Leading Universities Reject Anti-Israel Boycott

YERUSHALAYIM

Opposition to the American Studies Association vote to support the anti-Israel boycott gained momentum this week as a number of leading universities came out against the ASA, The Jerusalem Post reported.

Over three dozen schools, including Yale, Harvard, Princeton, Johns Hopkins, Cornell, Duke, Stanford, Brown, the University of Chicago, New York University, Wesleyan and Washington University in St. Louis, condemned the boycott in recent days.

The executive committee of the Association of American Universities, representing 62 schools across the U.S. and Canada, has also rejected the boycott.

The ASA, a group of loosely affiliated university departments and individual professors, voted on December 4 to boycott Israeli universities and some Israeli cultural institutions.

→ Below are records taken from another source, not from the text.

(* Let $f_1,\dots,f_n$ satisfy Assumption A1 and let $R:=\mathrm{diam}(\mathrm{Pareto}(F))$. Then for any $\beta\in\Delta^{n-1}$ and $x_\beta=x^*(\beta)$, \[\|\nabla F(x_\beta)^\top\|_{1,2}\le LR.\]
   Context: Assumption A1: each $f_i:\mathbb{R}^d\to\mathbb{R}$ is twice differentiable with $\mu\mathbf{I}\preceq\nabla^2 f_i\preceq L\mathbf{I}$, $0<\mu\le L$. $F=(f_1,\dots,f_n)$, $\nabla F(x)\in\mathbb{R}^{n\times d}$ its Jacobian (rows $\nabla f_i(x)^\top$), $\Delta^{n-1}$ the simplex, $x^*(\beta)=x_\beta=\operatorname{argmin}_x\sum_i\beta_if_i(x)$. $\mathrm{Pareto}(F)$ is the set of Pareto optimal points (equivalently $x$ with $\sum_i\beta_i\nabla f_i(x)=0$ for some $\beta\in\Delta^{n-1}$), diameter in $\ell_2$. $\|A\|_{1,2}:=\sup_{\|z\|_1=1}\|Az\|_2$. *)

theory Defs
  imports "HOL-Analysis.Analysis"
begin

definition pareto_set :: "('i \<Rightarrow> 'a \<Rightarrow> real) \<Rightarrow> 'a set" where
  "pareto_set f = {x. \<not> (\<exists>y. (\<forall>i. f i y \<le> f i x) \<and> (\<exists>i. f i y < f i x))}"

definition norm_1_2 :: "(('i::finite \<Rightarrow> real) \<Rightarrow> 'a::real_normed_vector) \<Rightarrow> real" where
  "norm_1_2 A = Sup {norm (A z) | z. (\<Sum>i\<in>UNIV. \<bar>z i\<bar>) = 1}"

end

theory Submission
  imports Defs
begin

text \<open>Each \<open>f\<^sub>i\<close> is \<open>\<mu>\<close>-strongly convex and \<open>L\<close>-smooth, so it has a unique minimiser
\<open>m\<^sub>i\<close>, which is Pareto optimal, and smoothness gives \<open>\<parallel>\<nabla>f\<^sub>i(x)\<parallel> \<le> L \<parallel>x - m\<^sub>i\<parallel>\<close>. The weighted
sum \<open>\<Sum>\<^sub>i \<beta>\<^sub>i f\<^sub>i\<close> is again strongly convex, so \<open>x\<^sub>\<beta>\<close> is its unique minimiser and therefore Pareto
optimal as well. Hence \<open>\<parallel>\<nabla>f\<^sub>i(x\<^sub>\<beta>)\<parallel> \<le> L \<parallel>x\<^sub>\<beta> - m\<^sub>i\<parallel> \<le> L R\<close> for every \<open>i\<close>, and the (1,2)-norm
of \<open>\<nabla>F(x\<^sub>\<beta>)\<^sup>T\<close> is at most the largest of these column norms. That \<open>R\<close> is finite, i.e. that
the Pareto set is bounded, holds because far away from all minimisers the direction towards
the origin decreases every \<open>f\<^sub>i\<close> at once.\<close>

locale strongly_convex_smooth =
  fixes \<phi> :: "'a::real_inner \<Rightarrow> real" and g :: "'a \<Rightarrow> 'a" and \<mu> L :: real
  assumes mu_pos: "0 < \<mu>" and mu_le_L: "\<mu> \<le> L"
    and lower_bound: "\<phi> x + g x \<bullet> (y - x) + \<mu> / 2 * (norm (y - x))\<^sup>2 \<le> \<phi> y"
    and upper_bound: "\<phi> y \<le> \<phi> x + g x \<bullet> (y - x) + L / 2 * (norm (y - x))\<^sup>2"
begin

lemma L_pos: "0 < L"
  using mu_pos mu_le_L by simp

lemma gradient_step_decrease: "\<phi> (x - (1 / L) *\<^sub>R g x) \<le> \<phi> x - (norm (g x))\<^sup>2 / (2 * L)"
proof -
  have "\<phi> (x - (1 / L) *\<^sub>R g x)
      \<le> \<phi> x + g x \<bullet> (- (1 / L) *\<^sub>R g x) + L / 2 * (norm (- (1 / L) *\<^sub>R g x))\<^sup>2"
    using upper_bound[where x=x and y="x - (1 / L) *\<^sub>R g x"] by simp
  also have "\<dots> = \<phi> x - (norm (g x))\<^sup>2 / (2 * L)"
    using L_pos by (simp add: power2_norm_eq_inner[symmetric] power2_eq_square field_simps)
  finally show ?thesis .
qed

lemma grad_eq_0_if_minimizer:
  assumes "\<And>y. \<phi> x\<^sub>0 \<le> \<phi> y"
  shows "g x\<^sub>0 = 0"
proof -
  have "\<phi> x\<^sub>0 \<le> \<phi> x\<^sub>0 - (norm (g x\<^sub>0))\<^sup>2 / (2 * L)"
    using assms[of "x\<^sub>0 - (1 / L) *\<^sub>R g x\<^sub>0"] gradient_step_decrease[of x\<^sub>0] by linarith
  then show ?thesis
    using L_pos by (simp add: divide_le_0_iff)
qed

lemma norm_grad_le_dist_minimizer:
  assumes "\<And>y. \<phi> x\<^sub>0 \<le> \<phi> y"
  shows "norm (g x) \<le> L * dist x x\<^sub>0"
proof -
  have "\<phi> x\<^sub>0 \<le> \<phi> x - (norm (g x))\<^sup>2 / (2 * L)"
    using assms[of "x - (1 / L) *\<^sub>R g x"] gradient_step_decrease[of x] by linarith
  moreover have "\<phi> x \<le> \<phi> x\<^sub>0 + L / 2 * (dist x x\<^sub>0)\<^sup>2"
    using upper_bound[where x=x\<^sub>0 and y=x] grad_eq_0_if_minimizer[OF assms] by (simp add: dist_norm)
  ultimately have "(norm (g x))\<^sup>2 / (2 * L) \<le> L / 2 * (dist x x\<^sub>0)\<^sup>2"
    by linarith
  then have "(norm (g x))\<^sup>2 \<le> (L * dist x x\<^sub>0)\<^sup>2"
    using L_pos by (simp add: field_simps power2_eq_square)
  then show ?thesis
    by (rule power2_le_imp_le) (use L_pos in simp)
qed

lemma minimizer_unique:
  assumes "\<And>y. \<phi> x\<^sub>0 \<le> \<phi> y" and "\<phi> x \<le> \<phi> x\<^sub>0"
  shows "x = x\<^sub>0"
proof -
  have "\<mu> / 2 * (norm (x - x\<^sub>0))\<^sup>2 \<le> 0"
    using lower_bound[of x\<^sub>0 x] grad_eq_0_if_minimizer[OF assms(1)] assms(2) by simp
  then show ?thesis
    using mu_pos by (simp add: mult_le_0_iff)
qed

text \<open>With \<open>r = \<parallel>x - x\<^sub>0\<parallel>\<close>, strong monotonicity gives \<open>g x \<bullet> (x - x\<^sub>0) \<ge> \<mu> r\<^sup>2\<close>, while smoothness
bounds \<open>\<bar>g x \<bullet> x\<^sub>0\<bar>\<close> by \<open>L r \<parallel>x\<^sub>0\<parallel>\<close>; the quadratic term wins once \<open>r\<close> is large.\<close>
lemma inner_grad_pos_if_far_from_minimizer:
  assumes min: "\<And>y. \<phi> x\<^sub>0 \<le> \<phi> y" and far: "L / \<mu> * norm x\<^sub>0 < norm (x - x\<^sub>0)"
  shows "0 < g x \<bullet> x"
proof -
  define r where "r = norm (x - x\<^sub>0)"
  have "\<phi> x + g x \<bullet> (x\<^sub>0 - x) + \<mu> / 2 * r\<^sup>2 \<le> \<phi> x\<^sub>0"
    using lower_bound[of x x\<^sub>0] by (simp add: r_def norm_minus_commute)
  moreover have "\<phi> x\<^sub>0 + \<mu> / 2 * r\<^sup>2 \<le> \<phi> x"
    using lower_bound[of x\<^sub>0 x] grad_eq_0_if_minimizer[OF min] by (simp add: r_def)
  ultimately have monotone: "\<mu> * r\<^sup>2 \<le> g x \<bullet> (x - x\<^sub>0)"
    by (simp add: inner_diff_right)
  have "0 \<le> L / \<mu> * norm x\<^sub>0"
    using L_pos mu_pos by simp
  then have r_pos: "0 < r"
    using far unfolding r_def by linarith
  have cauchy_schwarz: "- (L * r * norm x\<^sub>0) \<le> g x \<bullet> x\<^sub>0"
    using Cauchy_Schwarz_ineq2[of "g x" x\<^sub>0] norm_grad_le_dist_minimizer[OF min, of x]
      mult_right_mono[of "norm (g x)" "L * r" "norm x\<^sub>0"]
    by (simp add: r_def dist_norm abs_le_iff)
  have "L * norm x\<^sub>0 < \<mu> * r"
    using far mu_pos by (simp add: r_def field_simps)
  then have "r * (L * norm x\<^sub>0) < r * (\<mu> * r)"
    using r_pos by simp
  then have "L * r * norm x\<^sub>0 < \<mu> * r\<^sup>2"
    by (simp add: power2_eq_square algebra_simps)
  moreover have "g x \<bullet> x = g x \<bullet> (x - x\<^sub>0) + g x \<bullet> x\<^sub>0"
    by (simp add: inner_diff_right)
  ultimately show ?thesis
    using monotone cauchy_schwarz by linarith
qed

end

lemma taylor_second_order_segment:
  fixes f :: "'a::real_inner \<Rightarrow> real"
  assumes f': "\<And>x. (f has_derivative (\<lambda>h. g x \<bullet> h)) (at x)"
    and g': "\<And>x. (g has_derivative H x) (at x)"
  shows "\<exists>t. 0 < t \<and> t < 1 \<and>
    f y = f x + g x \<bullet> (y - x) + (y - x) \<bullet> H (x + t *\<^sub>R (y - x)) (y - x) / 2"
proof -
  define d where "d = y - x"
  define diff where "diff m = (if m = 0 then (\<lambda>t. f (x + t *\<^sub>R d))
      else if m = 1 then (\<lambda>t. g (x + t *\<^sub>R d) \<bullet> d) else (\<lambda>t. d \<bullet> H (x + t *\<^sub>R d) d))"
    for m :: nat
  have segment: "((\<lambda>t. x + t *\<^sub>R d) has_derivative (\<lambda>s. s *\<^sub>R d)) (at t)" for t
    by (auto intro!: derivative_eq_intros)
  have "((\<lambda>t. f (x + t *\<^sub>R d)) has_derivative (\<lambda>s. g (x + t *\<^sub>R d) \<bullet> (s *\<^sub>R d))) (at t)" for t
    using has_derivative_compose[OF segment f'] .
  then have diff_1: "DERIV (diff 0) t :> diff 1 t" for t
    by (simp add: diff_def has_field_derivative_def mult_commute_abs)
  have "((\<lambda>t. g (x + t *\<^sub>R d) \<bullet> d) has_derivative (\<lambda>s. H (x + t *\<^sub>R d) (s *\<^sub>R d) \<bullet> d)) (at t)"
    for t
    using bounded_linear.has_derivative[OF bounded_linear_inner_left has_derivative_compose[OF segment g']] .
  moreover have "linear (H z)" for z
    using g' has_derivative_linear by blast
  ultimately have diff_2: "DERIV (diff 1) t :> diff 2 t" for t
    by (simp add: diff_def has_field_derivative_def linear_scale inner_commute mult_commute_abs)
  have "\<exists>t. 0 < t \<and> t < 1 \<and> diff 0 1 = (\<Sum>m<2. diff m 0 / fact m * 1 ^ m) + diff 2 t / fact 2 * 1 ^ 2"
    by (rule Maclaurin) (use diff_1 diff_2 in \<open>auto simp: less_Suc_eq numeral_2_eq_2\<close>)
  then show ?thesis
    by (auto simp: diff_def d_def numeral_2_eq_2)
qed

Congressman Eliot Engel, ranking member of the House Foreign Affairs Committee, sent a letter to ASA president Curtis Marez on Monday denouncing the bias inherent in the boycott.

“Palestinian Authority President Mahmoud Abbas himself made clear that his government does not support boycotts of the institutions that the ASA is now targeting,” Engel wrote.

“Israel is the first country formally subject to a boycott by the ASA,” he continued, “which curiously has chosen to stay silent on China’s suppression of independent academic voices critical of the Communist Party, the Venezuelan government’s retaliation against opposition-oriented universities, or Zimbabwe’s denial of foreign academics from countries critical of Robert Mugabe’s dictatorial government from assuming academic residencies at the University of Zimbabwe.”

Engel attached to his letter the U.S. State Department’s long list of nations that trample on academic freedom or the rights of their citizens.